While browsing the net I found this site containing some useful inputs for
the topic of this thread. (I would not say that the entire article is
relevant to Vedanta sadhana):


Here are some excerpts:

// Hindu scriptures prescribe three different but * intertwining paths* to
attain liberation and these are: karma, Bhakti and Jnana. Of these, karma
directs the individual to perform faithfully all the duties, actions and
procedures prescribed by the Vedas and Shastras as befitting a man's Varna
and Ashrama. The Bhakti path is where the individual is given the choice of
a form of the Divine Entity to contemplate, worship, meditate, and perform
Pooja etc. The Absolute that is formless, is allowed to be conceived of as
having a form to enable the human mind to hold on to something and make
progress in the Bhakti route. This Bhakti also consists of three distinct
groups of activities:

a. Activities by the mind like Japa and Dhyana;

b. Activities of the organs like Pooja

c.
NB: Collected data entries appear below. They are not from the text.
lemma integral_correlation_swap_nonneg:
  fixes g \<phi> \<psi> :: "real \<Rightarrow> complex"
  assumes [measurable]: "g \<in> borel_measurable lborel" and g_bnd: "AE y in lborel. 0 \<le> y \<longrightarrow> norm (g y) \<le> C"
    and \<phi>: "integrable lborel \<phi>" "\<And>t. t < 0 \<Longrightarrow> \<phi> t = 0"
    and \<psi>: "integrable lborel \<psi>" "\<And>x. x < 0 \<Longrightarrow> \<psi> x = 0"
  shows "(\<integral>x. \<psi> x * (\<integral>t. g (x + t) * \<phi> t \<partial>lborel) \<partial>lborel)
       = (\<integral>y. g y * (\<integral>x. \<psi> x * \<phi> (y - x) \<partial>lborel) \<partial>lborel)"
proof -
  have [measurable]: "\<phi> \<in> borel_measurable lborel" "\<psi> \<in> borel_measurable lborel"
    using \<phi> \<psi> by (auto intro: borel_measurable_integrable)
  txt \<open>Only the values of g on [0, \<infinity>) enter, so g may be replaced by a bounded truncation.\<close>
  define g' where "g' y = (if norm (g y) \<le> max C 0 then g y else 0)" for y
  have [measurable]: "g' \<in> borel_measurable lborel" unfolding g'_def by measurable
  have g'_bnd: "norm (g' y) \<le> max C 0" for y unfolding g'_def by auto
  have g'_eq: "AE y in lborel. 0 \<le> y \<longrightarrow> g' y = g y"
    using g_bnd by (rule eventually_mono) (auto simp: g'_def)
  have "(\<integral>t. g (x + t) * \<phi> t \<partial>lborel) = (\<integral>t. g' (x + t) * \<phi> t \<partial>lborel)" if "0 \<le> x" for x
  proof (rule integral_cong_AE)
    show "AE t in lborel. g (x + t) * \<phi> t = g' (x + t) * \<phi> t"
      using AE_lborel_shift[OF g'_eq, of x] by (rule eventually_mono) (use that \<phi>(2) in \<open>force simp: add.commute\<close>)
  qed measurable
  then have "(\<integral>x. \<psi> x * (\<integral>t. g (x + t) * \<phi> t \<partial>lborel) \<partial>lborel)
      = (\<integral>x. \<psi> x * (\<integral>t. g' (x + t) * \<phi> t \<partial>lborel) \<partial>lborel)"
    using \<psi>(2) by (intro Bochner_Integration.integral_cong) (auto simp: not_le[symmetric])
  also have "\<dots> = (\<integral>y. g' y * (\<integral>x. \<psi> x * \<phi> (y - x) \<partial>lborel) \<partial>lborel)"
    by (rule integral_correlation_swap[OF _ g'_bnd \<phi>(1) \<psi>(1)]) simp
  also have "\<dots> = (\<integral>y. g y * (\<integral>x. \<psi> x * \<phi> (y - x) \<partial>lborel) \<partial>lborel)"
  proof (rule integral_cong_AE)
    have "(\<integral>x. \<psi> x * \<phi> (y - x) \<partial>lborel) = 0" if "y < 0" for y
      using \<phi>(2) \<psi>(2) that by (rule convolution_eq_0_of_neg)
    with g'_eq show "AE y in lborel. g' y * (\<integral>x. \<psi> x * \<phi> (y - x) \<partial>lborel) = g y * (\<integral>x. \<psi> x * \<phi> (y - x) \<partial>lborel)"
      by (auto elim!: eventually_mono simp: not_le[symmetric])
  qed measurable
  finally show ?thesis .
qed

lemma Linf_on_correlation:
  fixes h \<phi> :: "real \<Rightarrow> complex"
  assumes h: "h \<in> Linf_on {0..}" and \<phi>: "integrable lborel \<phi>" "\<And>t. t < 0 \<Longrightarrow> \<phi> t = 0"
  shows "(\<lambda>x. \<integral>t. h (x + t) * \<phi> t \<partial>lborel) \<in> Linf_on {0..}"
proof -
  have [measurable]: "h \<in> borel_measurable lborel" "\<phi> \<in> borel_measurable lborel"
    using h \<phi> by (auto dest: Linf_onD intro: borel_measurable_integrable)
  obtain C where C: "AE x in lborel. x \<in> {0..} \<longrightarrow> norm (h x) \<le> C" using Linf_onD(2)[OF h] by blast
  have "norm (\<integral>t. h (x + t) * \<phi> t \<partial>lborel) \<le> max C 0 * (\<integral>t. norm (\<phi> t) \<partial>lborel)" if "0 \<le> x" for x
  proof -
    define h' where "h' t = (if t < 0 then 0 else h (x + t))" for t
    have "(\<lambda>t. h (x + t) * \<phi> t) = (\<lambda>t. h' t * \<phi> t)" by (auto simp: h'_def \<phi>(2))
    moreover have "AE t in lborel. norm (h' t) \<le> max C 0"
      using AE_lborel_shift[OF C, of x] by (rule eventually_mono) (use that in \<open>auto simp: h'_def add.commute\<close>)
    ultimately show ?thesis by (simp add: norm_integral_mult_le[OF _ _ \<phi>(1)] h'_def)
  qed
  then show ?thesis unfolding Linf_on_def by (auto intro!: AE_I2)
qed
Activities of the word of mouth like chanting prayers.

Depending on one's preference or inclination, one can stick to only one of
the three or more of one and less of the others.
*The practice of Bhakti in all its three forms constitutes Upasana. *There
the form to be adopted as the object of devotion is also a matter of
choice. Indeed, Bhagavan Krishna assures us that he confers on the sincere
devotee, unwavering devotion to the chosen form. There are six Upasana
paths known as the Shanmatas, properly codified and defined by the great
Acharya, Sri Adi Shankara Bhagavatpada. They are: Ganapatya, Saura,
Vaishnava, Shaiva, Shakta and Kaumara. As the name of each indicates, each
one has a different form of deity as the object of worship; the other paths
of Japa, Dhyana and the ritual of puja are all the same. //

// As mentioned earlier, there are three paths to liberation. However,
these are not mutually exclusive but have among themselves some amount of
overlapping. Interestingly, in the path of Jnana itself, Adi Shankara
stresses the Bhakti aspect. Acharya has cleverly reconciled these two in
his Vedantic definition of Bhakti as the individual meditating upon or
worshipping himself. *Bhakti or Upasana is of two kinds: *Gowni and Para.
This first is also known as Sagunopasana. The human mind which finds it
impossible to visualize the Absolute, is provided with a form of deity with
face, hands, legs etc., so that the mind has something to hold on to,
rather than a formless Brahman. All worships generally are with respect to
a form of the Absolute. This form would be of individual's choice or as
indicated to him by his Guru. The fundamental principle here is one of
visualizing or conceptualizing, which is called Bhavana.//

//Performing these very rituals as part of the Pooja or Upasana in the
Srividya sampradaaya is a little more elaborate with a number of special
sets of tasks peculiar to this cult.//

End of excerpts.

Thinking of the SrividyA upAsana one finds that the lifeline of the upAsaka
is the Mother LalithAmbA.  We have some very sweet names of the Mother such

bhavAnI bhAvanAgamyA bhavAraNya-kuThArikA [the Axe that destroys the
bhadrapriyA bhadramUrtiH bhaktasowbhAgyadAyinI
bhaktipriyA bhaktigamyA bhaktivashyA bhayApahA
shAmbhavI shAradArAdhyA sharvANI sharmadAyinI

Another name is 'bhaktimatkalpalatikA' - the one who is a wish-fulfilling
tree/creeper of Her devotees.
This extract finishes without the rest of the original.